Max pooling (and its twin, min pooling) reduce a tensor by combining cells, and assigning the maximum value of the input cells to the output cell (we saw this).

In [5]:
my_tensor = torch.rand(1, 6, 6)
print(my_tensor)

maxpool_layer = torch.nn.MaxPool2d(3)       # 3 * 3 max value: each quadrant of 6 * 6 input
print(maxpool_layer(my_tensor))

tensor([[[0.2374, 0.6107, 0.7623, 0.4106, 0.6409, 0.9780],
         [0.5889, 0.3431, 0.4157, 0.0494, 0.6288, 0.7908],
         [0.8304, 0.3715, 0.3963, 0.4810, 0.1997, 0.9967],
         [0.5372, 0.2004, 0.9509, 0.9904, 0.4673, 0.6919],
         [0.7814, 0.0688, 0.2617, 0.3582, 0.4661, 0.0269],
         [0.2980, 0.1115, 0.4167, 0.2535, 0.3754, 0.9538]]])
tensor([[[0.8304, 0.9967],
         [0.9509, 0.9904]]])


**Normalization layers** re-center and normalize the output of one layer before feeding it to another.
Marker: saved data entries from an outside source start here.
lemma L1dist_const_transfer:
  assumes "F \<in> Ham" "0 \<le> T"
  shows "L1dist T F (\<lambda>_. d) \<le> L1dist T F (\<lambda>_. c) + T * l1norm (c - d)"
proof -
  have "L1dist T F (\<lambda>_. d) \<le> L1dist T F (\<lambda>_. c) + (LINT t:{0<..<T}|lborel. l1norm (c - d))"
    unfolding L1dist_def
    by (rule set_integral_l1norm_triangle[OF set_integrable_cmat_Ham[OF assms(1)]])
      (rule set_integrable_Ioo_const)+
  then show ?thesis using assms(2) by (simp add: set_integral_const)
qed

lemma L1dist_mono_interval:
  assumes "F \<in> Ham" "set_integrable lborel {0<..<T} G" "S \<le> T"
  shows "L1dist S F G \<le> L1dist T F G"
proof -
  have i: "set_integrable lborel {0<..<T} (\<lambda>t. l1norm (cmat (F t) - G t))"
    using assms(1,2) by (rule set_integrable_L1dist)
  moreover have "set_integrable lborel {0<..<S} (\<lambda>t. l1norm (cmat (F t) - G t))"
    by (rule set_integrable_subset[OF i]) (use assms(3) in auto)
  ultimately show ?thesis
    unfolding L1dist_def set_lebesgue_integral_def set_integrable_def
    using assms(3) by (intro integral_mono) (auto simp: indicator_def l1norm_nonneg)
qed

lemma L1dist_cong_AE:
  assumes "F \<in> Ham" "set_integrable lborel {0<..<T} G" "set_integrable lborel {0<..<T} G'"
    and "AE t in lborel. t \<in> {0<..<T} \<longrightarrow> G t = G' t"
  shows "L1dist T F G = L1dist T F G'"
  using set_integrable_L1dist[OF assms(1,2)] set_integrable_L1dist[OF assms(1,3)] assms(4)
  unfolding L1dist_def set_lebesgue_integral_def set_integrable_def
  by (intro integral_cong_AE) (auto dest: borel_measurable_integrable elim!: eventually_mono
      split: split_indicator)

lemma L1dist_resc_mult:
  assumes "0 < T"
  shows "L1dist T (resc (T * r) F) (\<lambda>_. c) = T * L1dist 1 (resc r F) (\<lambda>_. c)"
proof -
  let ?f = "\<lambda>t. indicator {0<..<T} t *\<^sub>R l1norm (cmat (F (t / (T * r))) - c)"
  have "L1dist T (resc (T * r) F) (\<lambda>_. c) = (\<integral>t. ?f t \<partial>lborel)"
    unfolding L1dist_def set_lebesgue_integral_def resc_def ..
  also have "\<dots> = \<bar>T\<bar> *\<^sub>R (\<integral>x. ?f (0 + T * x) \<partial>lborel)"
    by (rule lborel_integral_real_affine) (use assms in simp)
  also have "(\<lambda>x. ?f (0 + T * x)) = (\<lambda>x. indicator {0<..<1} x *\<^sub>R l1norm (cmat (F (x / r)) - c))"
    using assms by (auto simp: indicator_def zero_less_mult_iff fun_eq_iff)
  finally show ?thesis
    using assms unfolding L1dist_def set_lebesgue_integral_def resc_def by simp
qed

lemma L1dist_limits_AE_eq:
  assumes F: "eventually (\<lambda>n. F n \<in> Ham) sequentially"
    and G1: "set_integrable lborel {0<..<T} G1" and G2: "set_integrable lborel {0<..<T} G2"
    and lim1: "(\<lambda>n. L1dist T (F n) G1) \<longlonglongrightarrow> 0" and lim2: "(\<lambda>n. L1dist T (F n) G2) \<longlonglongrightarrow> 0"
  shows "AE t in lborel. t \<in> {0<..<T} \<longrightarrow> G1 t = G2 t"
proof -
  let ?I = "LINT t:{0<..<T}|lborel. l1norm (G1 t - G2 t)"
  have "?I \<le> 0 + 0"
    using F by (intro tendsto_le[OF _ tendsto_add[OF lim1 lim2] tendsto_const])
      (auto elim!: eventually_mono intro: L1dist_triangle[OF _ G1 G2])
  moreover have "0 \<le> ?I"
    unfolding set_lebesgue_integral_def
    by (intro integral_nonneg_AE AE_I2) (auto simp: l1norm_nonneg indicator_def)
  ultimately have "AE t in lborel. t \<in> {0<..<T} \<longrightarrow> l1norm (G1 t - G2 t) = 0"
    using G1 G2 by (intro set_integral_nonneg_eq_0_imp_AE set_integrable_l1norm set_integral_diff(1))
      (auto simp: l1norm_nonneg)
  then show ?thesis by eventually_elim (simp add: l1norm_eq_0_iff)
qed

lemma L1dist_const_tendsto_0_mono_interval:
  assumes F: "eventually (\<lambda>n. F n \<in> Ham) sequentially" and "S \<le> T"
    and lim: "(\<lambda>n. L1dist T (F n) (\<lambda>_. a n)) \<longlonglongrightarrow> 0"
  shows "(\<lambda>n. L1dist S (F n) (\<lambda>_. a n)) \<longlonglongrightarrow> 0"
proof (rule Lim_null_comparison[OF _ lim])
  show "eventually (\<lambda>n. norm (L1dist S (F n) (\<lambda>_. a n)) \<le> L1dist T (F n) (\<lambda>_. a n)) sequentially"
    using F by (rule eventually_mono)
      (use assms(2) in \<open>simp add: L1dist_nonneg L1dist_mono_interval set_integrable_Ioo_const\<close>)
qed

lemma L1dist_const_tendsto_0_transfer:
  assumes F: "eventually (\<lambda>n. F n \<in> Ham) sequentially" and T: "0 \<le> T"
    and lim: "(\<lambda>n. L1dist T (F n) (\<lambda>_. a n)) \<longlonglongrightarrow> 0" and close: "(\<lambda>n. l1norm (a n - c)) \<longlonglongrightarrow> 0"
  shows "(\<lambda>n. L1dist T (F n) (\<lambda>_. c)) \<longlonglongrightarrow> 0"
proof (rule Lim_null_comparison)
  show "eventually (\<lambda>n. norm (L1dist T (F n) (\<lambda>_. c)) \<le> L1dist T (F n) (\<lambda>_. a n) + T * l1norm (a n - c))
      sequentially"
    using F by (rule eventually_mono) (use T in \<open>simp add: L1dist_nonneg L1dist_const_transfer\<close>)
  show "(\<lambda>n. L1dist T (F n) (\<lambda>_. a n) + T * l1norm (a n - c)) \<longlonglongrightarrow> 0"
    using lim tendsto_mult_right_zero[OF close] by (rule tendsto_add_zero)
qed

lemma l1norm_diff_tendsto_0_if_L1dist_tendsto_0:
  assumes F: "eventually (\<lambda>n. F n \<in> Ham) sequentially" and T: "0 < T"
    and lim_a: "(\<lambda>n. L1dist T (F n) (\<lambda>_. a n)) \<longlonglongrightarrow> 0" and lim_c: "(\<lambda>n. L1dist T (F n) (\<lambda>_. c)) \<longlonglongrightarrow> 0"
  shows "(\<lambda>n. l1norm (a n - c)) \<longlonglongrightarrow> 0"
proof (rule Lim_null_comparison)
  show "eventually (\<lambda>n. norm (l1norm (a n - c)) \<le> (L1dist T (F n) (\<lambda>_. a n) + L1dist T (F n) (\<lambda>_. c)) / T)
      sequentially"
    using F by (rule eventually_mono)
      (use T L1dist_const_triangle in \<open>simp add: l1norm_nonneg pos_le_divide_eq mult.commute\<close>)
  show "(\<lambda>n. (L1dist T (F n) (\<lambda>_. a n) + L1dist T (F n) (\<lambda>_. c)) / T) \<longlonglongrightarrow> 0"
    using tendsto_add_zero[OF lim_a lim_c] by (rule tendsto_divide_zero)
qed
Centering the and scaling the intermediate tensors has a number of beneficial effects, such as letting you use higher learning rates without exploding/vanishing gradients.

In [6]:
my_tensor = torch.rand(1, 4, 4) * 20 + 5
print(my_tensor)

print(my_tensor.mean())

norm_layer = torch.nn.BatchNorm1d(4)
normed_tensor = norm_layer(my_tensor)
print(normed_tensor)

print(normed_tensor.mean())

tensor([[[19.1950, 22.5907, 10.8352,  8.4007],
         [12.7303,  5.9058,  7.0304, 14.9840],
         [14.0016,  9.8467, 19.7862, 12.3650],
         [14.6087, 22.4253, 11.5003, 11.9954]]])
tensor(13.6376)
tensor([[[ 6.7600e-01,  1.2587e+00, -7.5847e-01, -1.1762e+00],
         [ 6.7565e-01, -1.1201e+00, -8.2420e-01,  1.2687e+00],
         [ 4.7868e-04, -1.1367e+00,  1.5836e+00, -4.4744e-01],
         [-1.1975e-01,  1.6677e+00, -8.3058e-01, -7.1736e-01]]],
       grad_fn=<NativeBatchNormBackward0>)
tensor(-5.2154e-08, grad_fn=<MeanBackward0>)


**Dropout layers** are a tool for encouraging sparse representations in your model - that is, pushing it to do inference with less data.
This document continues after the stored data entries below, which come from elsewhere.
theorem Hahn_Banach_sublinear:
  assumes W: "subspace W" and S: "subspace S" "S \<subseteq> W" and f: "linear_functional_on S f"
    and P: "sublinear_on W P" and f_le_P: "\<forall>x\<in>S. f x \<le> P x"
  obtains g where "linear_functional_on W g" "\<forall>x\<in>S. g x = f x" "\<forall>x\<in>W. g x \<le> P x"
proof -
  have graph: "dominated_extension W S P f {(x, f x) | x. x \<in> S}"
    using dominated_extension_graph[OF S(1) f f_le_P S(2)] .
  obtain G where G: "dominated_extension W S P f G"
    and max: "\<And>H. dominated_extension W S P f H \<Longrightarrow> G \<subseteq> H \<Longrightarrow> H = G"
    using dominated_extension_maximal[OF graph] by blast
  have total: "\<exists>s. (x, s) \<in> G" if x: "x \<in> W" for x
  proof -
    obtain c where "dominated_extension W S P f (span (insert (x, c) G))"
      using dominated_extension_extend[OF G W P x] .
    moreover have "G \<subseteq> span (insert (x, c) G)" by (auto intro: span_base)
    ultimately have "span (insert (x, c) G) = G" by (rule max)
    then show ?thesis by (metis insertI1 span_base)
  qed
  define g where "g x = (THE s. (x, s) \<in> G)" for x
  have g_eq: "g x = s" if "(x, s) \<in> G" for x s
    unfolding g_def using that dominated_extension_single_valued[OF G sublinear_on_zero[OF W P] _ that]
    by (rule the_equality)
  have g_graph: "(x, g x) \<in> G" if "x \<in> W" for x
    using total[OF that] g_eq by blast
  have sub: "subspace G" and dom: "\<And>x s. (x, s) \<in> G \<Longrightarrow> s \<le> P x"
    and extends: "\<And>x. x \<in> S \<Longrightarrow> (x, f x) \<in> G"
    using G unfolding dominated_extension_def by auto
  show ?thesis
  proof (rule that)
    show "linear_functional_on W g"
      unfolding linear_functional_on_def
      using g_eq subspace_add[OF sub g_graph g_graph] subspace_scale[OF sub g_graph] by simp
    show "\<forall>x\<in>S. g x = f x" using g_eq extends by blast
    show "\<forall>x\<in>W. g x \<le> P x" using g_graph dom by blast
  qed
qed

section \<open>Extreme states of function systems on compact spaces\<close>

definition bounded_functions :: "'x set \<Rightarrow> ('x \<Rightarrow> real) set" where
  "bounded_functions K = {h. \<exists>B. \<forall>x\<in>K. \<bar>h x\<bar> \<le> B}"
Dropout layers work by randomly setting parts of the input tensor during training - dropout layers are always turned off for inference. This forces the model to learn against this masked or reduced dataset.

https://pytorch.org/docs/stable/generated/torch.nn.Dropout.html

In [7]:
my_tensor = torch.rand(1, 4, 4)

dropout = torch.nn.Dropout(p=0.4)
print(dropout(my_tensor))
print(dropout(my_tensor))

tensor([[[1.4551, 0.0000, 0.0000, 1.4674],
         [0.0000, 1.1179, 0.6502, 0.0000],
         [0.0000, 0.0000, 1.3803, 0.0000],
         [0.0000, 0.0000, 0.0000, 0.7054]]])
tensor([[[1.4551, 0.3403, 0.3280, 0.0000],
         [0.4372, 0.0000, 0.6502, 0.7847],
         [0.9113, 0.5016, 1.3803, 0.0000],
         [0.8670, 0.0000, 0.5093, 0.7054]]])


### Activations Functions

`torch.nn.Module` has objects encapsulating all of the major activation functions including `ReLU` and its many `variants`, `Tanh`, `Hardtanh`, `sigmoid`, and more. It also includes other functions, such as `Softmax`, that are most useful at the output stage of a model.

### Loss Functions

**Loss functions** tell us how far a model’s prediction is from the correct answer. PyTorch contains a variety of loss functions, including common `MSE` (`mean squared error` = L2 norm), `Cross Entropy Loss` and `Negative Likelihood Loss` (useful for classifiers), and others.